Serum biochemical variables were measured with an Architect c16000/i2000-analyzer (Abbot Diagnostics, UK). Serum copper was analyzed by atomic absorption spectrophotometry (AAnalyst 800, Perkin Elmer, CA, USA). Serum zinc was analyzed by a colorimetric method (Sentinel Diagnostics, Milano, MI, Italy). The normal ranges were 60-150 µg/dL for zinc and 75-150 µg/dL for copper. Immunoanalysis was employed for the measurement of C-reactive protein (CRP), procalcitonin (Abbott, US) and D-dimer (Siemens, Germany), and interleukins 6 (IL-6) and 12 (IL-12) by enzymelinked immunosorbent assay (Invitrogen, US). The intra-and interassay coefficients of variation were below 10%.

Sample size was calculated with the online software package GRANMO 7.12 (https://www.imim.es/ofertadeserveis/software-public/granmo/index.html). In order to find a mean difference of 15 µg/dL in circulating zinc and copper between baseline levels and at the end of follow-up, with a standard deviation (SD) of 25 µg/dL, a minimum sample size of 22 subjects was needed for a bilateral contrast with an α of 0.05 and 1-β of 0.20 and no expected losses.

Results are expressed as means ± SD unless otherwise stated. The Kolmogorov-Smirnov statistic was applied to continuous variables. Logarithmic or square root transformations were used as needed to ensure normal distribution of the variables. To compare discontinuous variables, we used the χ2 test and Fisher's exact test as appropriate. Unpaired t tests or Mann-Whitney U tests were used to compare the central tendencies of the different groups, as appropriate. General linear modelrepeated measures test was used to analyze continues variables measured several times during the study period. Bivariate correlation was employed to study the association between two continuous variables using Pearson or Spearman's tests as appropriate. Analyses were performed using SPSS 18 (SPSS Inc, Chicago, Illinois). P < 0.05 was considered statistically significant.

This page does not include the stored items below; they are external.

(* Let $F_0,\dots,F_{n+1}$ be complete oriented flags in $\mathbb{R}^n$. Then there exist $x_0,\dots,x_{n+1}\in\mathbb{R}^n$ such that $$\mathrm{Or}([F_0,\dots,\widehat{F_i},\dots,\widehat{F_j},\dots,F_{n+1}])=\mathrm{Or}(x_0,\dots,\widehat{x_i},\dots,\widehat{x_j},\dots,x_{n+1})$$ for every $0\le i<j\le n+1$.
   Context: A complete oriented flag $F$ is a chain $\{0\}=F^0\subset F^1\subset\dots\subset F^n=\mathbb{R}^n$ with $\dim F^i=i$, each $F^i$ equipped with a choice of open half-space $(F^i)^+$ of $F^i$ bounded by $F^{i-1}$ (equivalently an orientation of each $F^i$: $(v_1,\dots,v_{i-1},x)$ is positive iff $(v_1,\dots,v_{i-1})$ is positive in $F^{i-1}$ and $x\in(F^i)^+$). For an oriented $k$-dimensional subspace $W$ ($0\le k\le n-1$) and complete oriented flag $F$, let $d$ be the unique integer $1\le d\le k+1$ with $F^{d-1}\subseteq W$, $F^d\not\subseteq W$; then $[W,F]$ is $W+F^d$ oriented by $(w_1,\dots,w_k,x)$ with $(w_1,\dots,w_k)$ a positive basis of $W$ and $x\in(F^d)^+$. Inductively, $[F_1]=F_1^1$ (with its orientation) and $[F_1,\dots,F_k]=[[F_1,\dots,F_{k-1}],F_k]$, an oriented $k$-dimensional subspace. For an oriented $n$-dimensional space $U$, $\mathrm{Or}(U)\in\{\pm1\}$ is the sign of its orientation relative to the canonical one of $\mathbb{R}^n$; for vectors, $\mathrm{Or}(v_1,\dots,v_n)=\operatorname{sign}\det(v_1,\dots,v_n)$ (zero if not a basis). *)

theory Defs
  imports "HOL-Analysis.Analysis"
begin

text \<open>A complete oriented flag in R^n (n = CARD('n)) is a pair (F, H):
  F i is the i-dimensional subspace F^i (0 \<le> i \<le> n), and H i (1 \<le> i \<le> n) is the chosen
  open half-space (F^i)^+ of F^i bounded by F^(i-1).\<close>

type_synonym 'n oflag = "(nat \<Rightarrow> (real^'n) set) \<times> (nat \<Rightarrow> (real^'n) set)"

The baseline characteristics of the 35 included patients are shown in Table 1 . Most of the patients were males, less than half with hypertension and less than a third with obesity or previous type 2 diabetes mellitus. Twenty-seven patients were critical ones admitted to the ICU whereas the other eight patients were in respiratory intermediate care. Patients were on total PN for a mean of fourteen days, with a mean daily supplemental zinc of 14.8 ± 3.7 mg/day (Table 1) . Only one patient had zinc deficiency at baseline according to our hospital reference range.

At follow-up there was an increase in alanine-amino transpherase (ALT), gamma glutamyl transpeptidase (GGT) and D-dimer, whereas serum IL-6, IL-12, total proteins and albumin remained stable (Table 2) 

We have shown in the present study that supplementation of zinc in PN produced an increase in serum zinc concentrations in patients with severe COVID-19 infection.

Serum zinc concentrations during PN support were inversely associated with length of hospital stay but not with mortality. This association was observed in patients both at ICU and at intermediate care. In addition, serum copper concentrations were lower in those patients at ICU but not associated with prognosis.

Zinc is a highly abundant element on earth and it is an essential micronutrient.

After its ingestion and absorption through the small intestine, it is bound predominantly to albumin as well as to other proteins, including prealbumin, α2-macroglobulin, transferrin, ceruloplasmin, haptoglobin, immunoglobulins and complement. Serum circulating zinc accounts for only 0.1% of total body stores [13] . There are two families of proteins that are responsible for the movement of zinc across membranes, which include zinc-importer proteins that transport zinc into the cytosol and the zinc transporter (ZnT) family proteins transporting zinc outside the cytosol [14] . Most of the zinc body content is found in muscle and bone, but many other organs such as the liver, intestine, kidney, skin, lung, brain, heart, and pancreas also contain significant concentrations. Its role within the human body is extensive in reproduction, immune function, wound repair, and, on the microcellular level, macrophage, neutrophil, natural killer cell, and complement activity [15] .

Notably, major risk groups for COVID-19, the elderly, men more than women, obese individuals and patients with diabetes are all at risk of zinc deficiency [16] .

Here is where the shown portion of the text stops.